Write out, from the entries below, exactly the lines that run between the lines holding "section \<open>Pochhammer symbols" and "case (Suc m)", inclusive, and stop there.
* * * * * * * * *
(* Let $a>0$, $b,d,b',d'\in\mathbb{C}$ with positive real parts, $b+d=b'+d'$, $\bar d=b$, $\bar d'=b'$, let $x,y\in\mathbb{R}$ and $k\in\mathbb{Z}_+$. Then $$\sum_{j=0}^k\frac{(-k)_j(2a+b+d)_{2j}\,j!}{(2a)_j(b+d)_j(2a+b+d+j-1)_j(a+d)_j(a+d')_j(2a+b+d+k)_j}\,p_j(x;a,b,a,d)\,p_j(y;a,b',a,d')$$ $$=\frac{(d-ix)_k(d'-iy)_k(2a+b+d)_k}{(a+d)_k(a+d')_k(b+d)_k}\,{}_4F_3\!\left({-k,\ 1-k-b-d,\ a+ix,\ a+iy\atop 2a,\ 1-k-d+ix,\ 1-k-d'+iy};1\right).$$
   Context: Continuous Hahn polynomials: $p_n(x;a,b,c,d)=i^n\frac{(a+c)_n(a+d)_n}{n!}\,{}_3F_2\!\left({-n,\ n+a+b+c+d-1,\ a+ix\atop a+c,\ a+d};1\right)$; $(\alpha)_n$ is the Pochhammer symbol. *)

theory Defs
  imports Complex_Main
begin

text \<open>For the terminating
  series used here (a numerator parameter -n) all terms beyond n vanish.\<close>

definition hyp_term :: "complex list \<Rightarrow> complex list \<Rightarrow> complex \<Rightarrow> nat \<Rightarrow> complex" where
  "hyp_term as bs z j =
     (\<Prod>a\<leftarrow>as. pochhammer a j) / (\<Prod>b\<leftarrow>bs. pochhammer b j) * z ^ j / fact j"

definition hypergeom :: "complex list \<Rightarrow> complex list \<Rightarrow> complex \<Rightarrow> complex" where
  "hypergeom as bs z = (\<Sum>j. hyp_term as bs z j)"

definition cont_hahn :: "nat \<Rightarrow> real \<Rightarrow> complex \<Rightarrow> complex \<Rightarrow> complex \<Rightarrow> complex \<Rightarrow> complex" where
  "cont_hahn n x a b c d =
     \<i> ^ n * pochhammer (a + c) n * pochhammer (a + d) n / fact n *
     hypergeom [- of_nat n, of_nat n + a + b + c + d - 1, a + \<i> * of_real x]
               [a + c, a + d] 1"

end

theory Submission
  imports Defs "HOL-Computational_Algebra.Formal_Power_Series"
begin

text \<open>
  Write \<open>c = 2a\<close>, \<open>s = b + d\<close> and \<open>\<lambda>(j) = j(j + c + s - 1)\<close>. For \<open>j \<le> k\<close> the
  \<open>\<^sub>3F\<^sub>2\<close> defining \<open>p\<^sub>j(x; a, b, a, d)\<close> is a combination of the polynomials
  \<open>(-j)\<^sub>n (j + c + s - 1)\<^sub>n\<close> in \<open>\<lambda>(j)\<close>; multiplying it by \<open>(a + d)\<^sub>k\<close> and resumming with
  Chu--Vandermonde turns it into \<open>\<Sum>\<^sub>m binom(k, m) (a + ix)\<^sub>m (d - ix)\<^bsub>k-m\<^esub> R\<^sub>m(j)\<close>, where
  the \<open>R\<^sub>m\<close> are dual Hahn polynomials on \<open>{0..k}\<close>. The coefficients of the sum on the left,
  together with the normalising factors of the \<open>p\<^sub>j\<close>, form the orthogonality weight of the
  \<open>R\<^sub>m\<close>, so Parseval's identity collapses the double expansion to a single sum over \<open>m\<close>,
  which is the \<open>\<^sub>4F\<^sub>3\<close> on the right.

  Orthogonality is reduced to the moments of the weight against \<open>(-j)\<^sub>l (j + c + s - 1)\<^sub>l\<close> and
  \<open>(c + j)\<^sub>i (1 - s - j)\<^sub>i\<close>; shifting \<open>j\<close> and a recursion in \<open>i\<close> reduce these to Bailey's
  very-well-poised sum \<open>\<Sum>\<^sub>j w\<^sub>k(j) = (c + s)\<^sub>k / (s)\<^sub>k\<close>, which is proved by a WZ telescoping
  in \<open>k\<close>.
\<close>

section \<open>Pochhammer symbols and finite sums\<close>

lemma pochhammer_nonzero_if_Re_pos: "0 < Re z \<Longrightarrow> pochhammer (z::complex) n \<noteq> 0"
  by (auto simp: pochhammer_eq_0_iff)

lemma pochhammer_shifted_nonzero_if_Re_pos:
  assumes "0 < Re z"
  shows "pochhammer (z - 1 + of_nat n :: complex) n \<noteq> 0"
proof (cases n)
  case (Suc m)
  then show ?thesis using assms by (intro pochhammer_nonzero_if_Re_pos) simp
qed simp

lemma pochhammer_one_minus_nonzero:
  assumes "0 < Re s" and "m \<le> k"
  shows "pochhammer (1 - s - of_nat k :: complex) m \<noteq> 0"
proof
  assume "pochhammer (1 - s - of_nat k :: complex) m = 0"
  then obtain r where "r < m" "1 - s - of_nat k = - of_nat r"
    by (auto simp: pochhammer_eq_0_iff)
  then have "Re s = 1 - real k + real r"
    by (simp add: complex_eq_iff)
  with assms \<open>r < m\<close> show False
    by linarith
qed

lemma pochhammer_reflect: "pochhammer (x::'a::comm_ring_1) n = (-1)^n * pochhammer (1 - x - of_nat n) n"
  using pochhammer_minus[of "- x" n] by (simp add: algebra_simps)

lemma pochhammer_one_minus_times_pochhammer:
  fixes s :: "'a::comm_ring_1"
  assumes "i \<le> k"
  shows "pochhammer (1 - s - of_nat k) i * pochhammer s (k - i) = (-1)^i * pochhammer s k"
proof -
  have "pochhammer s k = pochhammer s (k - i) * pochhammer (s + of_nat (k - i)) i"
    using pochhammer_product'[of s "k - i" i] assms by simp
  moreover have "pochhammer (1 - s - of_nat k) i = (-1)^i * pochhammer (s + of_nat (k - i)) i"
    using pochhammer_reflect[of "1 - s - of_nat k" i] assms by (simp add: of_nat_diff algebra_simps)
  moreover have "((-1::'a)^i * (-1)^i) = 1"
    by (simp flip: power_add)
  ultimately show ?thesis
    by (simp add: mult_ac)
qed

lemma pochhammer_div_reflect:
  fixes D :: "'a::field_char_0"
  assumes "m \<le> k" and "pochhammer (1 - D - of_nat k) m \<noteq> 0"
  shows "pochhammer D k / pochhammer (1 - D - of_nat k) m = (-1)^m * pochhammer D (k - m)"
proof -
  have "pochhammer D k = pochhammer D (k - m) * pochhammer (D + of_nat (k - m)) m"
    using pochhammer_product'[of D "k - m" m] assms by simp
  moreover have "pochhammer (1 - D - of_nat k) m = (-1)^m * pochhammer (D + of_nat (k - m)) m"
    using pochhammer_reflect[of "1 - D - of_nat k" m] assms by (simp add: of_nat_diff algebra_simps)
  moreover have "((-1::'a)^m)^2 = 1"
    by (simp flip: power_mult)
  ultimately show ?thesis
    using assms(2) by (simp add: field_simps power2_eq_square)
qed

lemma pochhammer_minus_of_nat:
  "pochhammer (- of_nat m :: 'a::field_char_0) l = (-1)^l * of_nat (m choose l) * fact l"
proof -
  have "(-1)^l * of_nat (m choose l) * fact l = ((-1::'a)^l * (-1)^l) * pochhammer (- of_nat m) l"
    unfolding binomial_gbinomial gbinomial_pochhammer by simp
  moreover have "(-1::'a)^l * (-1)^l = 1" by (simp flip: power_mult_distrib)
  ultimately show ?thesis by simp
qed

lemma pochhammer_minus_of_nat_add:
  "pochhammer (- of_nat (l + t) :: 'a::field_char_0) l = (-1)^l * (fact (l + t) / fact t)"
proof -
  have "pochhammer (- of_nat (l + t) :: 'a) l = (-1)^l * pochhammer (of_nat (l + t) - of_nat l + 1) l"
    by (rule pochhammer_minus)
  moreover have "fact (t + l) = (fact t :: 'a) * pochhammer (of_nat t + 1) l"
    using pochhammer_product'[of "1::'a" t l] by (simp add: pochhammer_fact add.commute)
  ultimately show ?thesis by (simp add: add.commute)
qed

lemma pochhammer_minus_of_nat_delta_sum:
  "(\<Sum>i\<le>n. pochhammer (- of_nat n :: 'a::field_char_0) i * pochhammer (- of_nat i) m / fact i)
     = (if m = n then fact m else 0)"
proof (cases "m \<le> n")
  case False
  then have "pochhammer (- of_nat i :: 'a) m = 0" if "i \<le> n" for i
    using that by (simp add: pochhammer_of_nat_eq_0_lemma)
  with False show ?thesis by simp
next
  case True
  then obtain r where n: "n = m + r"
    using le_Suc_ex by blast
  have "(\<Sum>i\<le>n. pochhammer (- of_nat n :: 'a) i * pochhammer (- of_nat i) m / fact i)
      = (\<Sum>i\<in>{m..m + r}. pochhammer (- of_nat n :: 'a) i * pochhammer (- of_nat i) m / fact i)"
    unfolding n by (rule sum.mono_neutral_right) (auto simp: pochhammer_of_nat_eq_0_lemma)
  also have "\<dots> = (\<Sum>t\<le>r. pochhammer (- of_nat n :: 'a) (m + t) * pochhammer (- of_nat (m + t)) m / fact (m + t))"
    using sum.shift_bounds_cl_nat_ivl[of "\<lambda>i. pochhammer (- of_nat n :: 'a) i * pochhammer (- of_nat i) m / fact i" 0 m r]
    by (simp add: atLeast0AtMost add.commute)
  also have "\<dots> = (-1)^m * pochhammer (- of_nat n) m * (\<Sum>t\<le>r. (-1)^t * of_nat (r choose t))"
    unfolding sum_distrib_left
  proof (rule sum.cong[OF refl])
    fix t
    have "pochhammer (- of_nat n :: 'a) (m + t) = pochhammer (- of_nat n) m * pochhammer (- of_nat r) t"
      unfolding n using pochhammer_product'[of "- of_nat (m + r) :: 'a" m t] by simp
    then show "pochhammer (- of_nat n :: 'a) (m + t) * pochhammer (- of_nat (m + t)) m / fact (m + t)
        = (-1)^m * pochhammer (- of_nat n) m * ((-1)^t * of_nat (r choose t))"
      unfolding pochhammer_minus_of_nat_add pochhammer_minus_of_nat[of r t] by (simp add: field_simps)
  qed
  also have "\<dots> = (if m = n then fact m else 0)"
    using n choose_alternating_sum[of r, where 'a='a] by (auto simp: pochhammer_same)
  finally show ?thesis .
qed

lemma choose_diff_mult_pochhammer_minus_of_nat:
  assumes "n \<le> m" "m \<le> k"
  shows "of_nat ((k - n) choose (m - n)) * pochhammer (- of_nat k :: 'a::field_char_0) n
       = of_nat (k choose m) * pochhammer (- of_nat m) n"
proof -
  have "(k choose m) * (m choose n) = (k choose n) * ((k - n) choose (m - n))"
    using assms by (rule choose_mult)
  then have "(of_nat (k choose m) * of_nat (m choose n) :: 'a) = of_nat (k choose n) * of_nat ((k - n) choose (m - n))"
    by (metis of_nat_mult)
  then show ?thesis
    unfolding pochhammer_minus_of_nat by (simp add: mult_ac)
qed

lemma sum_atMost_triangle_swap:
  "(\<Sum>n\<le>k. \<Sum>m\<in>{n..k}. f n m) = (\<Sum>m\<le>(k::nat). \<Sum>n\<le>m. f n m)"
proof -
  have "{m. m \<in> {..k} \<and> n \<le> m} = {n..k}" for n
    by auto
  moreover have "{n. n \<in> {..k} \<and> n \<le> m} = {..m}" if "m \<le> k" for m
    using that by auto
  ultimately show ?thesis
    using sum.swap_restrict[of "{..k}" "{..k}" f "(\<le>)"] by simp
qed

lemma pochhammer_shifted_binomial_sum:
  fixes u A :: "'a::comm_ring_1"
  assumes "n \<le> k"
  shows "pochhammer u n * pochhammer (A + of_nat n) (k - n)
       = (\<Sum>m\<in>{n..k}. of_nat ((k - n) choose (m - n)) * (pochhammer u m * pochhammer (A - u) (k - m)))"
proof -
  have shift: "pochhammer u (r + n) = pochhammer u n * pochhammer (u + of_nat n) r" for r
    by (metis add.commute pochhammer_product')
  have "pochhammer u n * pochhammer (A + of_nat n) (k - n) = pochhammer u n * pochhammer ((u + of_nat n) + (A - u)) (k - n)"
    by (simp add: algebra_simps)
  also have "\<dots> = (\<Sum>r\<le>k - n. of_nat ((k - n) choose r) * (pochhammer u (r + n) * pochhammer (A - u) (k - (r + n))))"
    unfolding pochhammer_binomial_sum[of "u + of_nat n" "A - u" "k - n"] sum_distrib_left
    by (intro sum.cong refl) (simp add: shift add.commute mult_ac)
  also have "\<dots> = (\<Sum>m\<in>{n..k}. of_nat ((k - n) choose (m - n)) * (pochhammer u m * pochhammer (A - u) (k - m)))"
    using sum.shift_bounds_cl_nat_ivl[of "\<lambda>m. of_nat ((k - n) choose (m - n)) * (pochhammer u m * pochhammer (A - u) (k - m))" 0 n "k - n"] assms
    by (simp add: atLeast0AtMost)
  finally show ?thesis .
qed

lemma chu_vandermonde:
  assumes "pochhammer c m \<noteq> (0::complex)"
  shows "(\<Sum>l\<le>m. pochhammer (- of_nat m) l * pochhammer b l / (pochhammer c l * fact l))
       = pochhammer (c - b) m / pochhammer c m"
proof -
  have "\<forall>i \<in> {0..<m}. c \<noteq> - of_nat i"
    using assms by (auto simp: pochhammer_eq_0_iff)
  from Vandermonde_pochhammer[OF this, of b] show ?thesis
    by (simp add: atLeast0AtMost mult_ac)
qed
* * * * * * * * *
» **Your response**:
section \<open>Pochhammer symbols and finite sums\<close>

lemma pochhammer_nonzero_if_Re_pos: "0 < Re z \<Longrightarrow> pochhammer (z::complex) n \<noteq> 0"
  by (auto simp: pochhammer_eq_0_iff)

lemma pochhammer_shifted_nonzero_if_Re_pos:
  assumes "0 < Re z"
  shows "pochhammer (z - 1 + of_nat n :: complex) n \<noteq> 0"
proof (cases n)
  case (Suc m)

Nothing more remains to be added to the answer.